RESTRICTED STOCK AGREEMENT
This Agreement is made and entered into as of the 25th day of April,
2001, by and between DT Industries, Inc., a Delaware corporation (the
"Company"), and Xxxxxxx X. Xxxxxxx (the "Executive").
W I T N E S S E T H:
WHEREAS, the Company and the Executive have entered into an Employment
Agreement (the "Employment Agreement") and a Termination and Change of Control
Agreement (the "Termination Agreement"), each effective as of November 6, 2000,
setting forth the terms of the Executive's employment with the Company; and
WHEREAS, as part of its compensation package for the Executive and as
contemplated by the Employment Agreement, the Company has agreed to grant to the
Executive 200,000 shares of the Company's common stock, par value $.01 per share
(the "Common Stock"), pursuant to the terms and conditions of the Company's 1996
Long-Term Incentive Plan (the "Plan"), that are subject to certain vesting
requirements.
NOW THEREFORE, in consideration of the benefits that the Company
expects to be derived in connection with the services to be hereafter rendered
by the Executive, the Company and the Executive hereby agree as follows:
1. Restricted Shares. The Company hereby ratifies its previous grant of 40,000
shares of Common Stock to the Executive and hereby grants to the Executive on
the date hereof 160,000 shares of Common Stock, all pursuant to, and subject to
the terms and conditions of, the Plan, which 200,000 shares shall constitute
Restricted Shares under the Plan.

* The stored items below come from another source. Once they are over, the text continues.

lemma subadditive_quotient_le:
  fixes b :: "nat \<Rightarrow> real"
  assumes sub: "\<And>m n. 0 < m \<Longrightarrow> 0 < n \<Longrightarrow> b (m + n) \<le> b m + b n"
    and nonneg: "\<And>n. 0 < n \<Longrightarrow> 0 \<le> b n"
    and m: "0 < m" and n: "0 < n"
  shows "b n / real n \<le> b m / real m + (\<Sum>k = 1..m. b k) / real n"
proof -
  define q where "q = (n - 1) div m"
  define r where "r = (n - 1) mod m + 1"
  have n_eq: "n = q * m + r"
    using div_mult_mod_eq[of "n - 1" m] n unfolding q_def r_def by simp
  have r: "1 \<le> r" "r \<le> m" unfolding r_def using m by (auto simp: Suc_le_eq)
  have "b n \<le> real q * b m + b r"
    using subadditive_iterate[OF sub m, of r q] r n_eq by simp
  also have "real q * b m \<le> real n / real m * b m"
  proof (rule mult_right_mono)
    have "real q * real m \<le> real n" using n_eq by (metis le_add1 of_nat_le_iff of_nat_mult)
    then show "real q \<le> real n / real m" using m by (simp add: field_simps)
  qed (use nonneg m in auto)
  also have "b r \<le> (\<Sum>k = 1..m. b k)"
    using r nonneg by (intro member_le_sum) auto
  finally show ?thesis using n by (simp add: field_simps)
qed
lemma return_cylinder_measure_bound:
  assumes "0 < \<rho>" and level_le: "\<And>n. measure M (level P r D n) \<le> C0 * \<rho> ^ n"
  shows "\<exists>C>0. \<forall>F ns. finite F \<longrightarrow> (\<forall>i\<in>F. 0 < ns i) \<longrightarrow>
    measure M (return_cylinder U \<Delta>\<^sub>0 F ns) \<le> (\<Prod>i\<in>F. C * \<rho> ^ ns i)"
proof -
  obtain c where c: "0 \<le> c"
    "\<forall>p\<in>P. \<forall>k<r p. \<forall>x\<in>D k p. \<forall>y\<in>D k p. J x \<le> (1 + c) * J y"
    by (rule bounded_distortion)
  show ?thesis
  proof (cases "measure M \<Delta>\<^sub>0 = 0")
    case True
    have "measure M (return_cylinder U \<Delta>\<^sub>0 F ns) \<le> (\<Prod>i\<in>F. 1 * \<rho> ^ ns i)" for F ns
    proof -
      have "measure M (return_cylinder U \<Delta>\<^sub>0 F ns) \<le> measure M \<Delta>\<^sub>0"
        by (rule finite_measure_mono[OF _ sets_base]) (auto simp: return_cylinder_def)
      also have "\<dots> \<le> (\<Prod>i\<in>F. 1 * \<rho> ^ ns i)"
        using True \<open>0 < \<rho>\<close> by (simp add: prod_nonneg)
      finally show ?thesis .
    qed
    then show ?thesis by (intro exI[of _ 1]) auto
  next
    case False
    then have base_pos: "0 < measure M \<Delta>\<^sub>0"
      using measure_nonneg[of M "\<Delta>\<^sub>0"] by linarith
    then have "0 < C0"
      using level_le[of 0] level_zero_eq_base by simp
    then have "0 < (1 + c) * C0 / (\<rho> * measure M \<Delta>\<^sub>0)"
      using c(1) base_pos \<open>0 < \<rho>\<close> by simp
    then show ?thesis
      using measure_return_cylinder_le[OF c base_pos \<open>0 < \<rho>\<close> level_le] by blast
  qed
qed

end

theorem lemmaA1:
  fixes M :: "'a measure" and U :: "'a \<Rightarrow> 'a" and P :: "nat set" and r :: "nat \<Rightarrow> nat"
    and D :: "nat \<Rightarrow> nat \<Rightarrow> 'a set" and J :: "'a \<Rightarrow> real" and C0 \<rho> :: real
  assumes "young_tower M U P r D J"
    and "0 < \<rho>" and "\<rho> < 1"
    and "\<And>n. measure M (level P r D n) \<le> C0 * \<rho> ^ n"
  shows "\<exists>C>0. \<forall>F :: nat set. \<forall>ns :: nat \<Rightarrow> nat. finite F \<longrightarrow> (\<forall>i\<in>F. 0 < ns i) \<longrightarrow>
           measure M {x \<in> base P D. \<forall>i\<in>F.
              ret_time U (base P D) ((induced U (base P D) ^^ i) x) = ns i}
           \<le> (\<Prod>i\<in>F. C * \<rho> ^ ns i)"
  using young_tower_space.return_cylinder_measure_bound[OF young_tower_space.intro, OF assms(1,2,4)]
  unfolding return_cylinder_def .
(* Let $G$ be a finite nilpotent group. Then $P(G)$ is a cograph if and only if either $|G|$ is a power of a prime, or $G$ is cyclic of order $pq$ for distinct primes $p$ and $q$.
   Context: The power graph $P(G)$ of a group $G$ has vertex set $G$, with distinct $u,v$ adjacent if and only if $u=v^i$ or $v=u^j$ for some integers $i,j$. A cograph is a graph with no induced subgraph isomorphic to the path $P_4$ on four vertices. *)

theory Defs
  imports "HOL-Algebra.Algebra" "HOL-Computational_Algebra.Primes"
begin

definition lower_central_step :: "('a, 'b) monoid_scheme \<Rightarrow> 'a set \<Rightarrow> 'a set" where
  "lower_central_step G H =
     generate G {h \<otimes>\<^bsub>G\<^esub> g \<otimes>\<^bsub>G\<^esub> inv\<^bsub>G\<^esub> h \<otimes>\<^bsub>G\<^esub> inv\<^bsub>G\<^esub> g | h g. h \<in> H \<and> g \<in> carrier G}"

definition nilpotent_group :: "('a, 'b) monoid_scheme \<Rightarrow> bool" where
  "nilpotent_group G \<longleftrightarrow> group G \<and>
     (\<exists>n. (lower_central_step G ^^ n) (carrier G) = {\<one>\<^bsub>G\<^esub>})"

definition power_adj :: "('a, 'b) monoid_scheme \<Rightarrow> 'a \<Rightarrow> 'a \<Rightarrow> bool" where
  "power_adj G u v \<longleftrightarrow> u \<in> carrier G \<and> v \<in> carrier G \<and> u \<noteq> v \<and>
     ((\<exists>i::int. u = v [^]\<^bsub>G\<^esub> i) \<or> (\<exists>j::int. v = u [^]\<^bsub>G\<^esub> j))"

definition cograph :: "'a set \<Rightarrow> ('a \<Rightarrow> 'a \<Rightarrow> bool) \<Rightarrow> bool" where
  "cograph V E \<longleftrightarrow> \<not> (\<exists>a\<in>V. \<exists>b\<in>V. \<exists>c\<in>V. \<exists>d\<in>V.
      distinct [a, b, c, d] \<and> E a b \<and> E b c \<and> E c d \<and>
      \<not> E a c \<and> \<not> E b d \<and> \<not> E a d)"

definition power_graph_is_cograph :: "('a, 'b) monoid_scheme \<Rightarrow> bool" where
  "power_graph_is_cograph G \<longleftrightarrow> cograph (carrier G) (power_adj G)"

end

theory Submission
  imports Defs
begin

(*
  Write u \<le> v when u is a power of v; the power graph is the comparability graph of this
  preorder. In a cyclic group generated by z of order n, z^i \<le> z^j iff gcd j n divides gcd i n.
  If |G| is a prime power these labels are powers of p, so the elements below a given one form a
  chain, and the comparability graph of such a "tree order" has no induced P4. If G is cyclic of
  order pq, the labels are divisors of pq and the only incomparable ones are p and q, so any two
  elements incomparable to a common third one are equivalent; this again excludes an induced P4.

  Conversely, in a nilpotent group elements x, y of coprime orders commute: by induction their
  commutator lies in every term of the lower central series, because modulo the next term it is
  central, and a central commutator [x,y] has order dividing both ord x and ord y. Hence a nilpotent
  group of order pq is cyclic. If three primes p, q, r divide |G|, elements x, y, z of these orders
  give the induced path x - xy - y - yz. If p^2 q divides |G|, take y of order q and a subgroup P
  of order p^2: either P has an element w of order p^2, giving w - w^p - w^p y - y, or it contains
  two elements x, x' of order p generating different subgroups, giving x - xy - y - x'y.
*)

definition power_of :: "('a, 'b) monoid_scheme \<Rightarrow> 'a \<Rightarrow> 'a \<Rightarrow> bool" where
  "power_of G u v \<longleftrightarrow> (\<exists>i::int. u = v [^]\<^bsub>G\<^esub> i)"

definition commutator :: "('a, 'b) monoid_scheme \<Rightarrow> 'a \<Rightarrow> 'a \<Rightarrow> 'a" where
  "commutator G x y = x \<otimes>\<^bsub>G\<^esub> y \<otimes>\<^bsub>G\<^esub> inv\<^bsub>G\<^esub> x \<otimes>\<^bsub>G\<^esub> inv\<^bsub>G\<^esub> y"

lemma lower_central_step_eq:
  "lower_central_step G H = generate G {commutator G h g | h g. h \<in> H \<and> g \<in> carrier G}"
  unfolding lower_central_step_def commutator_def ..

lemma card_gt_1_obtains_other:
  assumes "1 < card A"
  obtains a where "a \<in> A" and "a \<noteq> x"
proof -
  have "\<not> A \<subseteq> {x}"
    using assms card_mono[of "{x}" A] by auto
  then show thesis
    using that by blast
qed

lemma prime_dvd_prime_iff:
  fixes p q :: nat
  assumes "Factorial_Ring.prime p" and "Factorial_Ring.prime q"
  shows "p dvd q \<longleftrightarrow> p = q"
  using primes_dvd_imp_eq[OF assms] by auto

lemma prime_power_divisors_comparable:
  fixes p :: "'a :: factorial_semiring_multiplicative"
  assumes "Factorial_Ring.prime p" and "a dvd p ^ n" and "b dvd p ^ n"
  shows "a dvd b \<or> b dvd a"
proof -
  obtain k l where "normalize a = p ^ k" and "normalize b = p ^ l"
    using divides_primepow[OF assms(1,2)] divides_primepow[OF assms(1,3)] by metis
  then show ?thesis
    by (metis dvd_normalize_iff normalize_dvd_iff le_imp_power_dvd nat_le_linear)
qed

lemma divisors_of_prime_product:
  fixes p q d :: nat
  assumes "Factorial_Ring.prime p" and "Factorial_Ring.prime q" and "d dvd p * q"
  shows "d \<in> {1, p, q, p * q}"
proof (cases "p dvd d")
  case True
  then obtain e where d: "d = p * e" by (auto elim: dvdE)
  with assms have "e dvd q"
    using prime_gt_0_nat by auto
  then show ?thesis using d \<open>Factorial_Ring.prime q\<close> prime_nat_iff by auto
next
  case False
  with assms have "d dvd q"
    by (metis coprime_commute coprime_dvd_mult_right_iff prime_imp_coprime)
  then show ?thesis using \<open>Factorial_Ring.prime q\<close> prime_nat_iff by auto
qed

lemma gcd_prime_product_cases:
  fixes p q :: nat
  assumes "Factorial_Ring.prime p" and "Factorial_Ring.prime q"
  shows "gcd i (int p * int q) \<in> {1, int p, int q, int p * int q}"
proof -
  obtain d where d: "gcd i (int p * int q) = int d"
    using nonneg_int_cases[OF gcd_ge_0_int] by blast
  have "int d dvd int (p * q)"
    unfolding d[symmetric] by simp
  then have "d \<in> {1, p, q, p * q}"
    by (simp only: of_nat_dvd_iff divisors_of_prime_product[OF assms])
  then show ?thesis
    unfolding d by auto
qed

lemma prime_product_divisors_incomparable:
  fixes p q a b :: int
  assumes "\<not> p dvd q" "\<not> q dvd p" and "a \<in> {1, p, q, p * q}" "b \<in> {1, p, q, p * q}"
    and "\<not> a dvd b" "\<not> b dvd a"
  shows "(a = p \<and> b = q) \<or> (a = q \<and> b = p)"
  using assms(3-6) by (elim insertE singletonE emptyE) (simp_all add: assms(1,2))

lemma not_prime_power_cases:
  fixes n :: nat
  assumes "n > 0" and not_prime_power: "\<not> (\<exists>p k. Factorial_Ring.prime p \<and> n = p ^ k)"
  obtains (product) p q where "Factorial_Ring.prime p" "Factorial_Ring.prime q" "p \<noteq> q" "n = p * q"
  | (three_primes) p q r where "Factorial_Ring.prime p" "Factorial_Ring.prime q" "Factorial_Ring.prime r"
      "p \<noteq> q" "p \<noteq> r" "q \<noteq> r" "p dvd n" "q dvd n" "r dvd n"
  | (square) p q where "Factorial_Ring.prime p" "Factorial_Ring.prime q" "p \<noteq> q"
      "p ^ 2 dvd n" "q dvd n"
proof -
  have "n \<noteq> 1"
    using not_prime_power two_is_prime_nat by (metis power_0)
  then obtain p where p: "Factorial_Ring.prime p" "p dvd n"
    using prime_factor_nat by blast
  obtain m where m: "n = p ^ multiplicity p n * m" "\<not> p dvd m"
    by (rule multiplicity_decompose'[of n p]) (use \<open>n > 0\<close> p in auto)
  have "m \<noteq> 1"
    using m not_prime_power p by auto
  then obtain q where q: "Factorial_Ring.prime q" "q dvd m"
    using prime_factor_nat by blast
  have "q \<noteq> p"
    using q m by auto
  have "q dvd n"
    using q(2) by (subst m(1)) simp
  have "p * q dvd n"
    using p q \<open>q dvd n\<close> \<open>q \<noteq> p\<close> by (simp add: divides_mult primes_coprime)
  then obtain k where k: "n = p * q * k"
    by (auto elim: dvdE)
  show thesis
  proof (cases "k = 1")
    case True
    then show thesis
      using product p q \<open>q \<noteq> p\<close> k by simp
  next
    case False
    then obtain r where r: "Factorial_Ring.prime r" "r dvd k"
      using prime_factor_nat by blast
    then have "r dvd n"
      using k by simp
    consider "r = p" | "r = q" | "r \<noteq> p" "r \<noteq> q"
      by blast
    then show thesis
    proof cases
      case 1
      then have "p ^ 2 dvd n"
        using k r by (auto simp: power2_eq_square mult_dvd_mono)
      then show thesis
        using square p q \<open>q \<noteq> p\<close> \<open>q dvd n\<close> by simp
    next
      case 2
      then have "q ^ 2 dvd n"
        using k r by (auto simp: power2_eq_square mult_dvd_mono)
      then show thesis
        using square p q \<open>q \<noteq> p\<close> by simp
    next
      case 3
      then show thesis
        using three_primes p q r \<open>q \<noteq> p\<close> \<open>q dvd n\<close> \<open>r dvd n\<close> by simp
    qed
  qed
qed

The Restricted Shares shall vest in accordance
with the following schedule if Executive is then an employee of the Company on
such applicable date:
Number of Restricted
Date Shares that Vest
---- ----------------
11/06/02 100,000
11/06/03 100,000
If and to the extent Executive is no longer an employee of the Company
and the Restricted Shares do not vest in accordance with the foregoing, such
Restricted Shares shall be forfeited by Executive and Executive shall have no
further rights with respect hereto. As a condition to the grant of the
Restricted Shares, Executive shall execute stock powers, endorsed in blank, so
as to permit the retransfer to the Company of such forfeited Restricted Shares.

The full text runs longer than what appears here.